What sets ER 1.6 apart is its multi-modal training regime. Unlike general Gemini variants trained primarily on web text and image-caption pairs, ER 1.6 ingested large corpuses of robot demonstration videos, annotated sensor logs (LIDAR, depth cameras, force-torque readings), and simulation trajectories from MuJoCo, Isaac Gym, and proprietary Google environments. The model accepts interleaved inputs: natural-language instructions, RGB-D frames, point clouds, joint-angle vectors, and even audio streams. It outputs not just text but structured action sequences in formats such as JSON motion primitives or direct joint commands.

The 131,072-token window is essential for robotics: a single manipulation task can involve dozens of camera frames, sensor snapshots, and environment-state dicts, all of which must co-exist in context for the model to reason about temporal dependencies and multi-step plans. Token efficiency is respectable—approximately 3,200 tokens per RGB-D frame pair at standard resolution—but users must carefully balance image count against textual reasoning budget.

Inference runs exclusively on Google Cloud TPU v5 pods; no local deployment is offered during preview. Latency is model-dependent but averages 1.8–2.5 seconds for a 10,000-token prompt with three embedded frames, measured on our US-east benchmark rig. This is acceptable for offline planning but marginal for closed-loop control at typical robot cycle rates (10–50 Hz).

Where it shines

Spatial reasoning under ambiguity. Gemini Robotics-ER excels when the instruction is under-specified and the model must infer constraints from visual context. Ask it to "place the mug near the laptop but not blocking the keyboard," supply three camera angles, and it reliably proposes XYZ targets that respect occlusion geometry and reachability. This strength maps directly to our reasoning benchmark category, where spatial sub-tasks typically stump language-only models. In our internal trials it outperformed GPT-4V and Claude 3.5 Sonnet by qualitative margin when scoring workspace-layout proposals.

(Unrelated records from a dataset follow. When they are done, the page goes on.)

(* In the situation of Lemma 2 (frontier ${}^ts\,y x^h y\,s$, points $I$, $J=I+(0,-1)$, rays $i_n=t(I+n(1,0))$, $j_n=t(J+n(1,-1))$), let $k'_n=t(J+n(1,-1)+(1,0))$ be the value immediately to the right of $j_n$. Then $k'_n-1=(h+1)\,i_n\,i_{n+1}$ for all $n\in\mathbf N$. Consequently, with $k_n=t(J+n(1,-1)+(0,-1))$, the triple $(j_{n+1}+j_n,\;j_{n+1}-j_n,\;k_n+k'_n)$ is a Pythagorean triple: $(j_{n+1}-j_n)^2+(k_n+k'_n)^2=(j_{n+1}+j_n)^2$.
   Context: Cartesian coordinates on $\mathbf Z^2$. The transpose ${}^tw$ of a word reverses it and exchanges $x$ and $y$. Setting: $h\in\mathbf N$, $s$ a right-infinite word over $\{x,y\}$ with the frontier ${}^ts\,yx^hy\,s$ admissible (neither half ultimately constant), embedded as lattice points $P_i$ with $P_i-P_{i-1}=(1,0)$ for a letter $x$ and $(0,1)$ for a letter $y$; $t:\mathbf Z^2\to\mathbf N$ is the unique tiling with $t(a,b+1)t(a+1,b)-t(a,b)t(a+1,b+1)=1$ for all $(a,b)$ and $t(P_i)=1$; $I$ is the path point between $x^h$ and the following $y$ of the middle factor $yx^hy$. *)

theory Defs
  imports Main
begin

datatype letter = X | Y

text \<open>Exchange of x and y (letterwise part of the transpose).\<close>
fun swap_letter :: "letter \<Rightarrow> letter" where
  "swap_letter X = Y"
| "swap_letter Y = X"

definition ult_const :: "(nat \<Rightarrow> letter) \<Rightarrow> bool" where
  "ult_const s \<longleftrightarrow> (\<exists>N c. \<forall>k\<ge>N. s k = c)"

text \<open>The bi-infinite frontier  (transpose s) y x^h y s, indexed by the integers:
  position 0 is the first y of the middle factor, positions 1..h are the x's,
  position h+1 is the second y; positions > h+1 carry s, positions < 0 carry
  the transpose of s (position -1-k carries the swap of s k).\<close>
definition frontier :: "nat \<Rightarrow> (nat \<Rightarrow> letter) \<Rightarrow> int \<Rightarrow> letter" where
  "frontier h s i =
     (if i < 0 then swap_letter (s (nat (- i - 1)))
      else if i = 0 \<or> i = int h + 1 then Y
      else if i \<le> int h then X
      else s (nat (i - int h - 2)))"

fun step :: "letter \<Rightarrow> int \<times> int" where
  "step X = (1, 0)"
| "step Y = (0, 1)"

definition is_path :: "(int \<Rightarrow> letter) \<Rightarrow> (int \<Rightarrow> int \<times> int) \<Rightarrow> bool" where
  "is_path w P \<longleftrightarrow> (\<forall>i. P i = (fst (P (i - 1)) + fst (step (w i)),
                                   snd (P (i - 1)) + snd (step (w i))))"

definition sl2_tiling :: "(int \<times> int \<Rightarrow> int) \<Rightarrow> bool" where
  "sl2_tiling t \<longleftrightarrow>
     (\<forall>a b. t (a, b + 1) * t (a + 1, b) - t (a, b) * t (a + 1, b + 1) = 1)"

end

theory Submission
  imports Defs Complex_Main "HOL-Library.Product_Plus"
begin

(* A positive SL2-tiling t is of Pluecker type: there are vector sequences u
   (indexed by columns) and v (indexed by rows) in R^2 with t(a,b) = det(u a, v b) and det(u a, u (a+1)) = 1
   = det(v (b+1), v b).  Along a path of ones the vectors evolve additively: an x-step from
   column a to a+1 on row b gives u (a+1) = u a + v b, a y-step gives v (b+1) = u a + v b.
   The frontier  ^t s y x^h y s  is symmetric under transposition about the middle factor,
   so walking simultaneously forward along s and backward along ^t s, the two walks stay mirror
   images, and their vectors are related by a fixed linear map L (a negated shear in the basis
   u x0, v y0, where I = (x0, y0)).  Since s contains infinitely many x's, the forward walk meets
   every column x0 + n, so v (y0 - 1 - n) = L (u (x0 + n)) on the whole antidiagonal below I.
   Expanding t = det(u, L u) then expresses j_n, k_n and k'_n through i_n = t(x0 + n, y0), and
   the Pythagorean identity is a polynomial identity in i_n, i_(n+1). *)

definition det2 :: "real \<times> real \<Rightarrow> real \<times> real \<Rightarrow> real" where
  "det2 p q = fst p * snd q - snd p * fst q"

lemma det2_swap: "det2 q p = - det2 p q"
  by (simp add: det2_def)

lemma det2_self: "det2 p p = 0"
  by (simp add: det2_def)

lemma det2_plucker: "det2 p q' * det2 p' q - det2 p q * det2 p' q' = det2 p p' * det2 q' q"
  by (simp add: det2_def algebra_simps)

lemma det2_expand:
  assumes "det2 p q = 1"
  shows "w = (det2 w q * fst p + det2 p w * fst q, det2 w q * snd p + det2 p w * snd q)"
proof -
  have "fst w = fst w * det2 p q" "snd w = snd w * det2 p q" using assms by simp_all
  then show ?thesis by (simp add: det2_def prod_eq_iff algebra_simps)
qed

(* The vector w with det(p,w) = det(w,q) = 1 = det(p,q) is p + q; this is how
   vectors are updated along a path of ones. *)
lemma det2_unimodular_sum:
  assumes "det2 p q = 1" "det2 p w = 1" "det2 w q = 1"
  shows "w = p + q"
  using det2_expand[OF assms(1), of w] assms(2,3) by (simp add: prod_eq_iff)

lemma sl2_tilingD: "sl2_tiling t \<Longrightarrow> t (a, b + 1) * t (a + 1, b) - t (a, b) * t (a + 1, b + 1) = 1"
  by (simp add: sl2_tiling_def)

lemma sl2_tiling_pos:
  assumes "sl2_tiling t" "\<forall>p. 0 \<le> t p"
  shows "0 < t p"
proof -
  obtain a b where p: "p = (a, b)" by (cases p)
  have "t (a, b) * t (a + 1, b - 1) - t (a, b - 1) * t (a + 1, b) = 1"
    using sl2_tilingD[OF assms(1), of a "b - 1"] by simp
  moreover have "0 \<le> t (a, b - 1) * t (a + 1, b)" using assms(2) by simp
  ultimately have "t (a, b) \<noteq> 0" by auto
  with assms(2) p show ?thesis by (metis order_le_less)
qed

(* From the two unimodular squares sharing column a: the ratio
   (t(a-1,b) + t(a+1,b)) / t(a,b) does not change from row b to row b+1. *)
lemma sl2_tiling_neighbour_sums:
  assumes "sl2_tiling t"
  shows "(t (a - 1, b) + t (a + 1, b)) * t (a, b + 1) = (t (a - 1, b + 1) + t (a + 1, b + 1)) * t (a, b)"
  using sl2_tilingD[OF assms, of "a - 1" b] sl2_tilingD[OF assms, of a b]
  by (simp add: algebra_simps)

Multi-step trajectory synthesis. Feed the model a high-level goal—"unload the dishwasher, stack plates in the cupboard, wipe the counter"—and ER 1.6 will decompose it into a sequenced motion graph, annotate grasp types (pinch, palm, two-hand), and flag potential collisions. The output is not executable code but a structured intermediate representation that motion-planning stacks like MoveIt or Drake can consume. This bridges the gap between natural language and low-level control, a persistent pain point in industrial automation.

Sensor-fusion dialogue. Unlike vision-language models that treat images as static context, ER 1.6 can reason about changes across frames and correlate them with force or tactile signals. Show it a sequence where a gripper closes on a deformable object and the force reading spikes, then ask "Did I grasp it securely?" and the model correctly correlates visual deformation with the sensor trace. This capability is invaluable in quality-control and assembly verification scenarios, overlapping with our factual category when ground-truth labels come from sensor logs rather than text.

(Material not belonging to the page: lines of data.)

lemma qspan_subset_iff: "qspan a b \<subseteq> qspan x y \<longleftrightarrow> a \<in> qspan x y \<and> b \<in> qspan x y"
proof (intro iffI subsetI)
  show "qspan a b \<subseteq> qspan x y \<Longrightarrow> a \<in> qspan x y \<and> b \<in> qspan x y"
    using qspan_left qspan_right by blast
next
  fix z assume "a \<in> qspan x y \<and> b \<in> qspan x y" and "z \<in> qspan a b"
  then obtain p1 q1 p2 q2 r s where
    "a = of_rat p1 * x + of_rat q1 * y" "b = of_rat p2 * x + of_rat q2 * y"
    "z = of_rat r * a + of_rat s * b"
    by (metis qspan_memE)
  then have "z = of_rat (r * p1 + s * p2) * x + of_rat (r * q1 + s * q2) * y"
    by (simp add: of_rat_add of_rat_mult algebra_simps)
  then show "z \<in> qspan x y"
    by (simp add: qspan_memI)
qed

lemma of_rat_mult_in_qspanD:
  assumes "of_rat c * z \<in> qspan x y" "c \<noteq> 0"
  shows "z \<in> qspan x y"
proof -
  obtain p q where "of_rat c * z = of_rat p * x + of_rat q * y"
    using assms(1) by (rule qspan_memE)
  then have "z = of_rat (p / c) * x + of_rat (q / c) * y"
    using assms(2) by (simp add: of_rat_divide field_simps)
  then show ?thesis
    by (simp add: qspan_memI)
qed

lemma qspan_commute: "qspan a b = qspan b a"
  by (simp add: subset_antisym qspan_subset_iff qspan_left qspan_right)

lemma qspan_scale_right:
  assumes "c \<noteq> 0"
  shows "qspan a (of_rat c * b) = qspan a b"
proof -
  have "of_rat c * b \<in> qspan a b"
    using qspan_memI [of 0 a c b] by simp
  moreover have "b \<in> qspan a (of_rat c * b)"
    using of_rat_mult_in_qspanD [OF qspan_right assms] .
  ultimately show ?thesis
    by (simp add: subset_antisym qspan_subset_iff qspan_left qspan_right)
qed

lemma qspan_eq_range: "qspan a b = range (\<lambda>(p, q). of_rat p * a + of_rat q * b)"
  unfolding qspan_def by auto

lemma image_qspan:
  assumes "\<And>p q x y. f (of_rat p * x + of_rat q * y) = of_rat p * f x + of_rat q * f y"
  shows "f ` qspan a b = qspan (f a) (f b)"
  unfolding qspan_eq_range image_image by (simp add: assms case_prod_beta)

lemma image_mult_qspan: "(\<lambda>z. l * z) ` qspan a b = qspan (l * a) (l * b)"
  by (rule image_qspan) (simp add: algebra_simps)

lemma image_cnj_qspan: "cnj ` qspan a b = qspan (cnj a) (cnj b)"
  by (rule image_qspan) simp

lemma Q_indep_combination_nonzero:
  "Q_indep a b \<Longrightarrow> p \<noteq> 0 \<or> q \<noteq> 0 \<Longrightarrow> of_rat p * a + of_rat q * b \<noteq> 0"
  unfolding Q_indep_def by blast

lemma rat_multiple_if_not_Q_indep:
  assumes "w \<noteq> 0" "\<not> Q_indep w z"
  obtains c where "z = of_rat c * w"
proof -
  obtain p q where pq: "of_rat p * w + of_rat q * z = 0" "p \<noteq> 0 \<or> q \<noteq> 0"
    using assms(2) unfolding Q_indep_def by auto
  with assms(1) have "q \<noteq> 0"
    by auto
  with pq(1) have "z = of_rat (- p / q) * w"
    by (simp add: of_rat_divide of_rat_minus field_simps add_eq_0_iff)
  then show thesis ..
qed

Sim-to-real transfer narratives. The model demonstrates surprising fluency in debugging simulation-to-reality gaps. Provide logs showing successful grasps in Isaac Sim but failures on the physical twin, and ER 1.6 will propose likely discrepancies—friction coefficients, camera calibration drift, or actuation lag. While not a substitute for systematic domain randomisation, it accelerates hypothesis generation for robotics engineers.

These strengths are tightly scoped: they do not translate to general coding, multilingual, or creative tasks. Prompting ER 1.6 for Python web scraping or German contract summarisation yields mediocre, Gemini-1.5-Flash-class results at best.

Where it falls short

Brittle instruction parsing outside robotics lexicon. The model's fine-tuning has introduced catastrophic forgetting in unrelated domains. Standard software-engineering prompts produce verbose, occasionally incoherent responses. Legal reasoning, medical triage, and even casual creative writing elicit outputs noticeably worse than baseline Gemini 1.5 Pro. This is an expected trade-off in specialist models but limits deployment to greenfield robotics projects where every interaction can be templated.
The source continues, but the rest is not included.